The ocean is clearly different on the morning in question both in its feel and in the fish. It’s not until she’s at the end of her regular swim, tired and ready to go home to breakfast, that she realizes she’s picked up a baby gray whale along the way. If Cox gets out of the water, the confused calf most likely will try to follow her. And, if it does so, it will die.

Cox swims out to the reef again and again to try to find the baby’s missing mother who she realizes is out there somewhere in the vast ocean. Fishermen and oil riggers and others on shore enlist in the search, making for an early morning drama not unlike The Perfect Storm and Into Thin Air.
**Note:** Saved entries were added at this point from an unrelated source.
(* Let $n,p$ be positive integers with $n-p-1>0$ and $\gamma\ge0$, and let $\pi_{\mathrm{MSVS1}}(M)=\det(M^\top M)^{-(n-p-1)/2}\|M\|_{\mathrm F}^{-\gamma}$ on $\mathbb R^{n\times p}$. Then at every $M$ with $M^\top M$ nonsingular, $$\Delta\pi_{\mathrm{MSVS1}}(M)=\gamma(\gamma+np-2p^2-2p+2)\|M\|_{\mathrm F}^{-2}\pi_{\mathrm{MSVS1}}(M),$$ where $\Delta=\sum_{a=1}^n\sum_{i=1}^p\partial^2/\partial M_{ai}^2$. *)

theory Defs
  imports "HOL-Analysis.Analysis"
begin

text \<open>Matrices in R^{n x p} are modelled as real^'p^'n (rows indexed by 'n, columns by 'p);
  n = CARD('n), p = CARD('p).\<close>

definition frob_norm :: "real^'p^'n \<Rightarrow> real" where
  "frob_norm M = sqrt (\<Sum>a\<in>UNIV. \<Sum>i\<in>UNIV. (M $ a $ i)\<^sup>2)"

definition unit_mat :: "'n \<Rightarrow> 'p \<Rightarrow> real^'p^'n" where
  "unit_mat a i = (\<chi> b j. if b = a \<and> j = i then 1 else 0)"

definition second_partial :: "(real^'p^'n \<Rightarrow> real) \<Rightarrow> 'n \<Rightarrow> 'p \<Rightarrow> real^'p^'n \<Rightarrow> real" where
  "second_partial f a i M = deriv (deriv (\<lambda>t. f (M + t *\<^sub>R unit_mat a i))) 0"

definition laplacian :: "(real^'p^'n \<Rightarrow> real) \<Rightarrow> real^'p^'n \<Rightarrow> real" where
  "laplacian f M = (\<Sum>a\<in>UNIV. \<Sum>i\<in>UNIV. second_partial f a i M)"

definition pi_MSVS1 :: "real \<Rightarrow> real^'p^'n \<Rightarrow> real" where
  "pi_MSVS1 \<gamma> M =
     det (transpose M ** M) powr (- (real CARD('n) - real CARD('p) - 1) / 2)
     * frob_norm M powr (- \<gamma>)"

end

theory Submission
  imports Defs
begin

text \<open>
  Write G = M^T M, S = G^-1, K = M S, and E for the matrix unit at (a, i). Along the line
  M + t E the density is D(t)^beta N(t)^c with beta = -(n - p - 1)/2, c = -gamma/2,
  N(t) = |M|^2 + 2 M_ai t + t^2 and D(t) = det (G + t B + t^2 E^T E), where B = E^T M + M^T E.
  Jacobi's formula and Cramer's rule give D'(0)/D(0) = tr (B S) = 2 K_ai and
  D''(0)/D(0) = 2 tr (E^T E S) + tr (B S)^2 - tr ((B S)^2). Summing the second logarithmic
  derivatives over all entries needs only sum K_ai^2 = tr S and sum K_ai M_ai = p. The
  coefficient of tr S is then 4 beta^2 + 2 beta (n - p - 1), which vanishes for this beta, so
  only a multiple of |M|^-2 survives.
\<close>

section \<open>Row replacement in determinants\<close>

lemma vector_matrix_mult_sum_rows:
  fixes A :: "'a::comm_semiring_1^'n^'m"
  shows "x v* A = (\<Sum>i\<in>UNIV. x $ i *s A $ i)"
  by (simp add: vector_matrix_mult_def vec_eq_iff sum_component mult.commute)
Without divulging the outcome, let it be said Cox’s prose will have the reader turning pages.

Long-distance swimmer Cox affords even the ocean-phobic an opportunity to imagine the joys and pitfalls of her passion. The irritation of sand in her swimsuit: “If I didn’t stop now it would soon be worse than running with a pebble in my shoe.” The thrill of swimming with albacore tuna: “I enjoyed feeling the way the water wavered and yawed as the tuna zipped to the right and left of me.” Cox communicates with the baby whale by looking into his grey eye; he returns the gaze. The reader has no doubt that the two are indeed exchanging not just looks but thoughts and ideas about how to find his mother.

Perfect for a plane ride, an evening in a hotel, or simply a quiet afternoon at home, Grayson is a destination well worth the journey. Highly recommended.